This seems like it should be obvious, but I can't work it out.
What do I set the Scope Selector to on a command I want to be available everywhere? My first intuition is just to leave the Scope Selector field blank, but it's not working.
I have several commands in the text bundle using apple-shift-option-P, and one in the HTML bundle. While editing a HTML document when I hit this key combo I only get the HTML command, not the others in the text bundle.
Hmmmm?
Q
On Apr 7, 2006, at 6:25 PM, Quinn Comendant wrote:
This seems like it should be obvious, but I can't work it out.
What do I set the Scope Selector to on a command I want to be available everywhere? My first intuition is just to leave the Scope Selector field blank, but it's not working.
I have several commands in the text bundle using apple-shift-option-P, and one in the HTML bundle. While editing a HTML document when I hit this key combo I only get the HTML command, not the others in the text bundle.
TextMate chooses what command to use based on specificity of scope selectors. Most specific selectors take precedence. If two commands with the same shortcut have the same scope selectors, then it shows both up. Otherwise, it executes the one with highest precedence. This way you can write a generic command for something, and then override its behavior on particular scopes.

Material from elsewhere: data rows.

(* (a) Let $\alpha:(-\epsilon,\epsilon)\to M^1$, $x\mapsto(z(x),\zeta(x))$, be a smooth embedding satisfying $z(0)=0$, $z(x)\neq0$ for all $x\neq0$, and $(z(-x),\zeta(-x))=(-z(x),\zeta(x))$ for all $x$, and let $c=\{\zeta(x)\mid x\in(-\epsilon,\epsilon)\}\subset\mathbb{C}$. Then the map $\eta:[0,\epsilon^2)\to c$, $x\mapsto\zeta(\sqrt{x})$, is a diffeomorphism, so $c$ is a regular curve with boundary $\partial c=\{\zeta(0)\}$. (b) Let $\gamma:S^1\to M^1$, $u\mapsto(z(u),\zeta(u))$, be a symmetric circle. Then $c=\{\zeta(u)\mid u\in S^1\}\subset\mathbb{C}$ is a regular curve with boundary $\partial c=\{\zeta(0),\zeta(\pi)\}$.
   Context: $f$ is a complex polynomial in one variable all of whose zeros are simple, and $M^1=\{(z,\zeta)\in\mathbb{C}^2\mid z^2=f(\zeta)\}$. $S^1=\mathbb{R}/2\pi\mathbb{Z}$. A symmetric circle is a smooth embedding $\gamma:S^1\to M^1$, $u\mapsto(z(u),\zeta(u))$, such that $(z(-u),\zeta(-u))=(-z(u),\zeta(u))$ for all $u$ and $z(u)\neq0$ for all $u\neq0,\pi$. *)

theory Defs
  imports "HOL-Analysis.Analysis" "HOL-Computational_Algebra.Polynomial"
begin

definition M1 :: "complex poly \<Rightarrow> (complex \<times> complex) set" where
  "M1 f = {(z, w). z ^ 2 = poly f w}"

definition simple_zeros :: "complex poly \<Rightarrow> bool" where
  "simple_zeros f \<longleftrightarrow> (\<forall>a. poly f a = 0 \<longrightarrow> poly (pderiv f) a \<noteq> 0)"

text \<open>C^\<infinity> on a real interval I (one-sided derivatives at endpoints belonging to I).\<close>
definition smooth_on :: "real set \<Rightarrow> (real \<Rightarrow> 'a::real_normed_vector) \<Rightarrow> bool" where
  "smooth_on I g \<longleftrightarrow> (\<exists>D :: nat \<Rightarrow> real \<Rightarrow> 'a.
      (\<forall>x\<in>I. D 0 x = g x) \<and>
      (\<forall>n. \<forall>x\<in>I. (D n has_vector_derivative D (Suc n) x) (at x within I)))"

definition smooth_embedding :: "real set \<Rightarrow> (real \<Rightarrow> 'a::real_normed_vector) \<Rightarrow> bool" where
  "smooth_embedding I g \<longleftrightarrow> smooth_on I g \<and>
      (\<forall>x\<in>I. vector_derivative g (at x within I) \<noteq> 0) \<and>
      inj_on g I \<and> (\<exists>h. homeomorphism I (g ` I) g h)"

definition regular_curve_with_boundary :: "complex set \<Rightarrow> complex set \<Rightarrow> bool" where
  "regular_curve_with_boundary c B \<longleftrightarrow> B \<subseteq> c \<and>
     (\<forall>p\<in>c. \<exists>U \<phi>. open U \<and> p \<in> U \<and> \<phi> 0 = p \<and>
        (let I = (if p \<in> B then {0..<1} else {-1<..<1}) in
           smooth_embedding I \<phi> \<and> \<phi> ` I = c \<inter> U))"

text \<open>Symmetric circle: gamma = (z, zeta) viewed as a 2pi-periodic function on R (S^1 = R/2piZ).\<close>
definition symmetric_circle :: "complex poly \<Rightarrow> (real \<Rightarrow> complex) \<Rightarrow> (real \<Rightarrow> complex) \<Rightarrow> bool" where
  "symmetric_circle f z w \<longleftrightarrow>
     (\<forall>u. z (u + 2 * pi) = z u \<and> w (u + 2 * pi) = w u) \<and>
     smooth_on UNIV (\<lambda>u. (z u, w u)) \<and>
     (\<forall>u. vector_derivative (\<lambda>u. (z u, w u)) (at u) \<noteq> 0) \<and>
     inj_on (\<lambda>u. (z u, w u)) {0..<2 * pi} \<and>
     (\<forall>u. (z u, w u) \<in> M1 f) \<and>
     (\<forall>u. z (- u) = - z u \<and> w (- u) = w u) \<and>
     (\<forall>u. (\<forall>k::int. u \<noteq> of_int k * pi) \<longrightarrow> z u \<noteq> 0)"

end

theory Submission
  imports Defs "HOL-Library.Periodic_Fun"
begin

text \<open>
  On \<open>M\<^sup>1\<close> we have \<open>z\<^sup>2 = f w\<close>, hence \<open>2 z z' = w' f'(w)\<close> along any curve. Where \<open>z \<noteq> 0\<close>
  this forces \<open>w' \<noteq> 0\<close>, so \<open>w\<close> itself is an immersion. At a zero of \<open>z\<close> the symmetry makes \<open>w\<close>
  even, so \<open>w' = 0\<close>, \<open>z' \<noteq> 0\<close>, and differentiating once more gives \<open>2 z'\<^sup>2 = w'' f'(w)\<close>,
  whence \<open>w'' \<noteq> 0\<close>. A smooth even function is a smooth function of \<open>t\<^sup>2\<close> (proved here by
  iterating Hadamard's lemma), so \<open>\<eta> x = w (sqrt x)\<close> is smooth on \<open>[0, \<epsilon>\<^sup>2)\<close> with
  \<open>\<eta>'(0) = w''(0)/2 \<noteq> 0\<close>. The fibre of \<open>(z, w) \<mapsto> w\<close> over a point of the curve is
  \<open>{(z, w), (-z, w)}\<close>, so \<open>\<eta>\<close> is injective, and its inverse is continuous because \<open>z\<close> is
  determined by \<open>w\<close> up to sign. Affine reparametrisations of \<open>\<eta>\<close> are the charts of \<open>c\<close>.
  A symmetric circle maps \<open>[0, \<pi>]\<close> homeomorphically onto \<open>c\<close> by \<open>w\<close>; on \<open>(0, \<pi>)\<close> the map \<open>w\<close> is
  an immersion, and the ends \<open>0\<close> and \<open>\<pi>\<close> are zeros of \<open>z\<close> of the kind just described, so
  \<open>w (sqrt x)\<close> and \<open>w (\<pi> - sqrt x)\<close> give the boundary charts.
\<close>

section \<open>Towers of derivatives\<close>

definition deriv_tower :: "real set \<Rightarrow> (nat \<Rightarrow> real \<Rightarrow> 'a::real_normed_vector) \<Rightarrow> bool" where
  "deriv_tower I D \<longleftrightarrow> (\<forall>n. \<forall>x\<in>I. (D n has_vector_derivative D (Suc n) x) (at x within I))"

lemma smooth_on_iff_deriv_tower: "smooth_on I g \<longleftrightarrow> (\<exists>D. deriv_tower I D \<and> (\<forall>x\<in>I. D 0 x = g x))"
  unfolding smooth_on_def deriv_tower_def by blast

lemma deriv_tower_at:
  assumes "deriv_tower J D" "open J" "x \<in> J"
  shows "(D n has_vector_derivative D (Suc n) x) (at x)"
  using assms unfolding deriv_tower_def by (metis at_within_open)

lemma deriv_tower_continuous_on: "deriv_tower J D \<Longrightarrow> continuous_on J (D n)"
  unfolding deriv_tower_def
  by (meson continuous_on_eq_continuous_within has_vector_derivative_continuous)

lemma deriv_tower_shift: "deriv_tower J D \<Longrightarrow> deriv_tower J (\<lambda>n. D (Suc n))"
  unfolding deriv_tower_def by blast

lemma deriv_tower_scaleR: "deriv_tower J D \<Longrightarrow> deriv_tower J (\<lambda>n t. c *\<^sub>R D n t)"
  unfolding deriv_tower_def
  by (blast intro: bounded_linear.has_vector_derivative[OF bounded_linear_scaleR_right])

lemma deriv_tower_subset: "deriv_tower I D \<Longrightarrow> J \<subseteq> I \<Longrightarrow> deriv_tower J D"
  unfolding deriv_tower_def by (blast intro: has_vector_derivative_within_subset)

lemma deriv_tower_fst: "deriv_tower J D \<Longrightarrow> deriv_tower J (\<lambda>n t. fst (D n t))"
  unfolding deriv_tower_def by (blast intro: bounded_linear.has_vector_derivative[OF bounded_linear_fst])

So in your case, the generic commands will still work as long as there is no command with the same shortcut and a more specific selector. Try the following: Set the generic commands to have scope "text.html," without the quotes (note the comma). This should make them work outside of text.html (since they are caught by the empty selector following the comma), and also show up when in text.html, because of the text.html bit there.
Q
Haris
On Fri, 7 Apr 2006 19:52:16 -0500, Charilaos Skiadas wrote:
So in your case, the generic commands will still work as long as there is no command with the same shortcut and a more specific selector. Try the following: Set the generic commands to have scope "text.html," without the quotes (note the comma). This should make them work outside of text.html (since they are caught by the empty selector following the comma), and also show up when in text.html, because of the text.html bit there.
Yes, makes perfect sense to me. If I add "text, source, " it will work in all those scopes with the command key.
Allen: considering this is the case, it seems useful to have a magic scope called, say, "global", which can be used when a bundle item should always be called regardless of scope.